As an entrepreneur starting a new business, you may find yourself drowning in decisions you must make. Deciding which type of business entity you will form represents one of your most important decisions. 

Per the Internal Revenue Service, most businesses start in one of the five forms described in this article. 

  1. Sole proprietorship

If you intend to own your company yourself, a sole proprietorship represents the simplest of all business entities. Basically, you and your business are one and the same. You have no start-up costs and can begin operations using your Social Security number as your business number. You will pay your company’s federal income taxes via adding a Schedule C to your own tax return. 

  1. Partnership

If you intend to have one or more business partners, a partnership may appeal to you. Be sure to draft a comprehensive partnership agreement specifying each partner’s initial capital contribution and resulting ownership percentage. Each partner will pay his or her share of the partnership’s federal income taxes via adding a Schedule C to his or her tax return. 

  1. Corporation

Forming a corporation entails submitting Articles of Incorporation to your state’s Secretary of State’s Office. You will also need Bylaws and a corporate seal. Because a corporation is its own separate legal entity, no shareholder has personal liability for its liabilities.
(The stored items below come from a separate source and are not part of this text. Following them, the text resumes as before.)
(* There are infinitely many pairwise non-isomorphic $2$-semiequivelar maps (tilings) on the plane $\mathbb{R}^2$.
   Context: A map is a polyhedral map: a cellular embedding of a connected graph in a surface such that the intersection of any two distinct faces is empty, a single vertex, or a single edge. For a vertex $u$, the faces containing $u$ form a cyclic sequence (the face-cycle at $u$); if this cyclic sequence consists of consecutive blocks of $n_1$ $p_1$-gons, then $n_2$ $p_2$-gons, ..., then $n_k$ $p_k$-gons, with cyclically consecutive $p_i$ distinct, then $u$ is said to have type $[p_1^{n_1},\dots,p_k^{n_k}]$. A map $K$ is $2$-semiequivelar of type $[W;Z]$ if every vertex of $K$ has type $W$ or type $Z$. *)

theory Defs
  imports "HOL-Analysis.Analysis"
begin

text \<open>A map on the plane (identified with the complex plane) is given by a set F of
faces, each a cyclic list of vertices (vertices are points of the plane), together with
an assignment of an arc to every edge (an edge being an unordered pair of cyclically
consecutive vertices of some face).\<close>

definition face_edges :: "'a list \<Rightarrow> 'a set set" where
  "face_edges f = {{f ! i, f ! ((i + 1) mod length f)} | i. i < length f}"

definition map_vertices :: "'a list set \<Rightarrow> 'a set" where
  "map_vertices F = \<Union> (set ` F)"

definition map_edges :: "'a list set \<Rightarrow> 'a set set" where
  "map_edges F = \<Union> (face_edges ` F)"

definition graph_image :: "complex list set \<Rightarrow> (complex set \<Rightarrow> real \<Rightarrow> complex) \<Rightarrow> complex set" where
  "graph_image F \<gamma> = (\<Union>e\<in>map_edges F. path_image (\<gamma> e))"

definition face_boundary :: "(complex set \<Rightarrow> real \<Rightarrow> complex) \<Rightarrow> complex list \<Rightarrow> complex set" where
  "face_boundary \<gamma> f = (\<Union>e\<in>face_edges f. path_image (\<gamma> e))"

definition face_region :: "(complex set \<Rightarrow> real \<Rightarrow> complex) \<Rightarrow> complex list \<Rightarrow> complex set" where
  "face_region \<gamma> f = face_boundary \<gamma> f \<union> inside (face_boundary \<gamma> f)"

text \<open>Polyhedral map on the plane: a cellular embedding of a connected graph in R^2
whose faces are closed 2-cells (closed Jordan regions bounded by the face cycles),
covering the plane, locally finite, with the polyhedral intersection property.\<close>

definition polyhedral_plane_map :: "complex list set \<Rightarrow> (complex set \<Rightarrow> real \<Rightarrow> complex) \<Rightarrow> bool" where
  "polyhedral_plane_map F \<gamma> \<longleftrightarrow>
     F \<noteq> {} \<and>
     (\<forall>f\<in>F. distinct f \<and> length f \<ge> 3) \<and>
     (\<forall>e\<in>map_edges F. arc (\<gamma> e) \<and> {pathstart (\<gamma> e), pathfinish (\<gamma> e)} = e) \<and>
     (\<forall>e\<in>map_edges F. \<forall>e'\<in>map_edges F. e \<noteq> e' \<longrightarrow>
         path_image (\<gamma> e) \<inter> path_image (\<gamma> e') \<subseteq> e \<inter> e') \<and>
     (\<forall>v\<in>map_vertices F. \<forall>e\<in>map_edges F. v \<in> path_image (\<gamma> e) \<longrightarrow> v \<in> e) \<and>
     connected (graph_image F \<gamma>) \<and>
     (\<Union>f\<in>F. face_region \<gamma> f) = UNIV \<and>
     (\<forall>f\<in>F. inside (face_boundary \<gamma> f) \<inter> graph_image F \<gamma> = {}) \<and>
     (\<forall>f\<in>F. \<forall>g\<in>F. f \<noteq> g \<longrightarrow> inside (face_boundary \<gamma> f) \<inter> inside (face_boundary \<gamma> g) = {}) \<and>
     (\<forall>K. compact K \<longrightarrow> finite {f\<in>F. face_region \<gamma> f \<inter> K \<noteq> {}}) \<and>
     (\<forall>f\<in>F. \<forall>g\<in>F. f \<noteq> g \<longrightarrow>
         set f \<inter> set g = {} \<or> card (set f \<inter> set g) = 1 \<or>
         (set f \<inter> set g \<in> face_edges f \<and> set f \<inter> set g \<in> face_edges g))"

definition face_cycle :: "'a list set \<Rightarrow> 'a \<Rightarrow> 'a list list \<Rightarrow> bool" where
  "face_cycle F u fs \<longleftrightarrow> distinct fs \<and> set fs = {f\<in>F. u \<in> set f} \<and>
     (\<forall>i<length fs. \<exists>w. {u, w} \<in> face_edges (fs ! i) \<and>
                          {u, w} \<in> face_edges (fs ! ((i + 1) mod length fs)))"

text \<open>A vertex type [p_1^n_1, ..., p_k^n_k] is the list [(p_1,n_1), ..., (p_k,n_k)].\<close>

definition expand_type :: "(nat \<times> nat) list \<Rightarrow> nat list" where
  "expand_type W = concat (map (\<lambda>(p, n). replicate n p) W)"

definition valid_type :: "(nat \<times> nat) list \<Rightarrow> bool" where
  "valid_type W \<longleftrightarrow> W \<noteq> [] \<and> (\<forall>(p, n)\<in>set W. n \<ge> 1) \<and>
     (length W \<ge> 2 \<longrightarrow> (\<forall>i<length W. fst (W ! i) \<noteq> fst (W ! ((i + 1) mod length W))))"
On the other hand, a corporation requires you to pay double income taxes, one at the corporate level and the other at the personal level for your share of the corporation’s profits. 

  1. S Corporation

You can set up your business as an S Corporation by making this election either at the time you start your company or any time thereafter. You avoid double taxation as an S Corporation because the respective shareholders pay their portion of the S corporation’s federal income taxes as though they were partners instead of shareholders. 

  1. Limited Liability Company

If you choose to form a Limited Liability Company, this works the same way as a corporation with regard to taxes. However, an LLC gives you the ability to attract additional shareholders such as other corporations, other LLCs and foreign entities.